* [What you have to do]
The result should be every line in the material below containing the string "symmetric".

* [Given records]

lemma expected_runtime_ge_initial:
  fixes mu lam n M :: nat and r w :: real
  assumes M: "M \<le> mu" and r: "0 < r" and init: "((1 + r) / 2) ^ n \<le> r^n * w"
  shows "ennreal M \<le> expected_runtime mu lam n + ennreal (M * M * w)"
proof -
  define J where "J P = (if opt n \<in> set P then of_nat (hit_cost n P)
    else of_nat mu + exp_remaining mu lam n P)" for P
  define a where "a = M / r^n"
  have a: "0 \<le> a" using r by (simp add: a_def)
  have "ennreal M \<le> J P + ennreal (a * potential r (take M P))" for P
  proof (cases "opt n \<in> set (take M P)")
    case True
    then have "r^n \<le> potential r (take M P)"
      using potential_ge_if_opt_mem r by simp
    then have "M \<le> a * potential r (take M P)"
      using r by (simp add: a_def field_simps mult_left_mono)
    then show ?thesis by (simp add: ennreal_leI add_increasing)
  next
    case False
    then have "ennreal M \<le> J P"
      using M le_hit_cost[of n P M] by (auto simp: J_def add_increasing2)
    then show ?thesis by (simp add: add_increasing2)
  qed
  then have "ennreal M \<le> (\<integral>\<^sup>+P. J P \<partial>init_pop mu n)
      + (\<integral>\<^sup>+P. ennreal (a * potential r (take M P) + 0) \<partial>init_pop mu n)"
    by (intro le_nn_integral_pmf_add) simp
  also have "(\<integral>\<^sup>+P. ennreal (a * potential r (take M P) + 0) \<partial>init_pop mu n)
      = ennreal a * (of_nat M * ennreal (((1 + r) / 2) ^ n))"
    using a r M by (subst nn_integral_pmf_affine)
      (auto simp: potential_nonneg nn_integral_potential_take_init_pop min_def)
  also have "\<dots> = ennreal (a * M * ((1 + r) / 2) ^ n)"
    using a r by (simp add: ennreal_of_nat_eq_real_of_nat mult.assoc flip: ennreal_mult)
  also have "\<dots> \<le> ennreal (a * M * (r^n * w))"
    using a init by (intro ennreal_leI mult_left_mono) auto
  also have "a * M * (r^n * w) = M * M * w"
    using r by (simp add: a_def)
  finally show ?thesis
    by (simp add: expected_runtime_def J_def)
qed

lemma half_one_plus_power_le:
  fixes r :: real
  assumes "2 \<le> r"
  shows "((1 + r) / 2) ^ n \<le> r^n * exp (- real n / 4)"
proof -
  have "((1 + r) / 2) ^ n = r^n * ((1 + r) / (2 * r)) ^ n"
    using assms by (simp add: power_divide power_mult_distrib field_simps)
  also have "((1 + r) / (2 * r)) ^ n \<le> exp (- 1/4) ^ n"
  proof (rule power_mono)
    have "(1 + r) / (2 * r) \<le> 3/4"
      using assms by (simp add: field_simps)
    moreover have "3/4 \<le> exp (- 1/4 :: real)"
      using exp_ge_add_one_self[of "-1/4"] by simp
    ultimately show "(1 + r) / (2 * r) \<le> exp (- 1/4)"
      by linarith
  qed (use assms in simp)
  also have "exp (- 1/4) ^ n = exp (- real n / 4)"
    by (simp add: exp_of_nat_mult[symmetric])
  finally show ?thesis
    using assms by (simp add: mult_left_mono)
qed

lemma exists_multiple_between:
  fixes lam :: nat and N :: real
  assumes "0 < lam" "real lam \<le> N"
  obtains k where "1 \<le> k" "real k * real lam \<le> N" "N < 2 * (real k * real lam)"
proof
  define k where "k = nat \<lfloor>N / lam\<rfloor>"
  have "1 \<le> N / lam"
    using assms by (simp add: field_simps)
  then show "1 \<le> k"
    by (simp add: k_def le_nat_iff)
  have "real k = of_int \<lfloor>N / lam\<rfloor>"
    using \<open>1 \<le> N / lam\<close> by (simp add: k_def)
  then have "real k \<le> N / lam" "N / lam < real k + 1"
    by linarith+
  then show "real k * real lam \<le> N"
    using assms by (simp add: le_divide_eq)
  have "N < (real k + 1) * real lam"
    using \<open>N / lam < real k + 1\<close> assms by (simp add: divide_less_eq)
  moreover have "1 * real lam \<le> real k * real lam"
    using \<open>1 \<le> k\<close> by (intro mult_right_mono) auto
  ultimately show "N < 2 * (real k * real lam)"
    by (simp add: distrib_right)
qed

lemma expected_runtime_ge_by_generations:
  fixes mu lam n :: nat and r w N :: real
  assumes mu: "1 \<le> mu" "mu \<le> lam" and r: "0 < r" and w: "0 \<le> w"
    and drift: "potential_drift_bounded mu lam n r (r^n * w)" and init: "((1 + r) / 2) ^ n \<le> r^n * w"
    and N: "real lam \<le> N" "N^2 * w \<le> 1"
  shows "ennreal (N / 2 - 2) \<le> expected_runtime mu lam n"
proof -
  obtain k where k: "1 \<le> k" "real k * real lam \<le> N" "N < 2 * (real k * real lam)"
    using exists_multiple_between[OF _ N(1)] mu by auto
  define d where "d = real k * real lam * (real mu + real k * real lam) * w"
  have "ennreal (real k * real lam) \<le> expected_runtime mu lam n + ennreal d"
    unfolding d_def using r w init by (intro expected_runtime_ge_generations[OF mu _ _ drift]) auto
  then have "ennreal (real k * real lam - d) \<le> expected_runtime mu lam n"
    using w by (intro ennreal_diff_le_of_le_add) (auto simp: d_def)
  moreover have "d \<le> N * (N + N) * w"
    unfolding d_def using k mu N w by (intro mult_right_mono mult_mono add_mono) auto
  then have "N / 2 - 2 \<le> real k * real lam - d"
    using k N by (simp add: power2_eq_square algebra_simps)
  ultimately show ?thesis
    by (meson ennreal_leI order_trans)
qed

lemma expected_runtime_ge_by_initial:
  fixes mu lam n :: nat and r w N :: real
  assumes r: "0 < r" and w: "0 \<le> w" and init: "((1 + r) / 2) ^ n \<le> r^n * w"
    and N: "0 < N" "N \<le> 3 * real mu" "N^2 * w \<le> 1"
  shows "ennreal (N / 3 - 2) \<le> expected_runtime mu lam n"
proof -
  define M where "M = nat \<lfloor>N / 3\<rfloor>"
  have "real M = of_int \<lfloor>N / 3\<rfloor>"
    using N by (simp add: M_def)
  then have M: "real M \<le> N / 3" "N / 3 < real M + 1"
    by linarith+
  then have "M \<le> mu"
    using N by linarith
  have "ennreal M \<le> expected_runtime mu lam n + ennreal (M * M * w)"
    using expected_runtime_ge_initial[OF \<open>M \<le> mu\<close> r init] by simp
  then have "ennreal (M - M * M * w) \<le> expected_runtime mu lam n"
    using w by (intro ennreal_diff_le_of_le_add) auto
  moreover have "M * M * w \<le> N^2 * w"
    using M N w by (intro mult_right_mono) (auto simp: power2_eq_square intro: mult_mono)
  then have "N / 3 - 2 \<le> M - M * M * w"
    using M N by linarith
  ultimately show ?thesis
    by (meson ennreal_leI order_trans)
qed

lemma exp_div_8_le:
  fixes g :: real
  assumes "40 \<le> g"
  shows "exp (g / 8) \<le> exp (g / 4) / 3 - 2"
proof -
  define y where "y = exp (g / 8)"
  have "6 \<le> y"
    using exp_ge_add_one_self[of "g / 8"] assms unfolding y_def by linarith
  then have "3 * y \<le> y * y - 6"
    using mult_right_mono[of 6 y y] by linarith
  moreover have "exp (g / 4) = y * y"
    by (simp add: y_def exp_add[symmetric])
  ultimately show ?thesis
    by (simp add: y_def)
qed

text \<open>With \<open>N = e^{\<gamma>/4}\<close>: if \<open>\<lambda> \<le> N\<close>, about \<open>N/\<lambda>\<close> generations cost \<open>N/2\<close> evaluations; otherwise
  \<open>\<mu> \<ge> \<lambda>/3 > N/3\<close>, and already the initial population costs \<open>N/3\<close> evaluations.\<close>
lemma expected_runtime_ge_exp_barrier:
  fixes eps :: real and mu lam n :: nat
  assumes eps: "0 < eps" "eps < 1" and mu: "1 \<le> mu" "mu \<le> lam"
    and lam: "real lam \<le> (1 - eps) * exp 1 * real mu" and n: "8 / eps \<le> n"
    and large: "40 \<le> barrier_exponent eps n"
  shows "ennreal (exp (barrier_exponent eps n / 8)) \<le> expected_runtime mu lam n"
proof -
  define r where "r = 8 / eps"
  define g where "g = barrier_exponent eps n"
  define w where "w = exp (- g)"
  define N where "N = exp (g / 4)"
  have r: "8 \<le> r" using eps by (simp add: r_def le_divide_eq)
  have N: "0 < N" "N^2 * w \<le> 1"
    using large by (simp_all add: N_def w_def exp_of_nat_mult[symmetric] exp_add[symmetric] g_def)
  have "r^n * exp (- real n / 4) \<le> r^n * w"
    using barrier_exponent_le[OF eps, of n] r by (intro mult_left_mono) (auto simp: w_def g_def)
  then have init: "((1 + r) / 2) ^ n \<le> r^n * w"
    using half_one_plus_power_le[of r n] r by linarith
  have "(1 - eps) * exp 1 * real mu \<le> 1 * 3 * real mu"
    using eps exp_le by (intro mult_right_mono mult_mono) auto
  then have lam3: "real lam \<le> 3 * real mu"
    using lam by linarith
  have "ennreal (N / 3 - 2) \<le> expected_runtime mu lam n"
  proof (cases "real lam \<le> N")
    case True
    have "potential_drift_bounded mu lam n r (r^n * w)"
      using potential_drift_bounded_mutation[OF eps n lam mu] by (simp add: r_def w_def g_def)
    then have "ennreal (N / 2 - 2) \<le> expected_runtime mu lam n"
      using r N True init by (intro expected_runtime_ge_by_generations[OF mu]) (auto simp: w_def)
    moreover have "N / 3 - 2 \<le> N / 2 - 2"
      using N by simp
    ultimately show ?thesis
      by (meson ennreal_leI order_trans)
  next
    case False
    then show ?thesis
      using r N init lam3 by (intro expected_runtime_ge_by_initial) (auto simp: w_def)
  qed
  then show ?thesis
    using exp_div_8_le[OF large] unfolding g_def N_def by (meson ennreal_leI order_trans)
qed

section \<open>Asymptotics\<close>

lemma expected_runtime_exponential:
  fixes mu lam :: "nat \<Rightarrow> nat" and eps :: real
  assumes mu: "\<And>n. 1 \<le> mu n" "\<And>n. mu n \<le> lam n" and eps: "0 < eps" "eps < 1"
    and lam: "\<And>n. real (lam n) \<le> (1 - eps) * exp 1 * real (mu n)"
  shows "\<exists>c>0. \<forall>\<^sub>F n in sequentially. ennreal (exp (c * real n)) \<le> expected_runtime (mu n) (lam n) n"
proof -
  define c where "c = eps^2 * (ln (8/eps) - 1) / 16"
  have barrier: "barrier_exponent eps n = c * n" for n
    by (simp add: barrier_exponent_def c_def)
  have "0 < eps^2 / 32" using eps by simp
  also have "eps^2 / 32 \<le> c"
    using barrier_exponent_ge(1)[OF eps, of 1] by (simp add: barrier)
  finally have c: "0 < c" .
  have "\<forall>\<^sub>F n in sequentially. 8 / eps \<le> real n \<and> 40 / c \<le> real n"
    by (intro eventually_conj) real_asymp+
  then have "\<forall>\<^sub>F n in sequentially. ennreal (exp (c / 8 * real n)) \<le> expected_runtime (mu n) (lam n) n"
  proof eventually_elim
    case (elim n)
    then have "40 \<le> barrier_exponent eps n"
      using c by (simp add: barrier field_simps)
    then show ?case
      using expected_runtime_ge_exp_barrier[OF eps mu lam] elim by (simp add: barrier)
  qed
  then show ?thesis
    using c by (intro exI[of _ "c / 8"]) auto
qed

* [Response to the task]
    by (simp add: exp_of_nat_mult[symmetric])
    by (simp add: y_def exp_add[symmetric])
    using large by (simp_all add: N_def w_def exp_of_nat_mult[symmetric] exp_add[symmetric] g_def)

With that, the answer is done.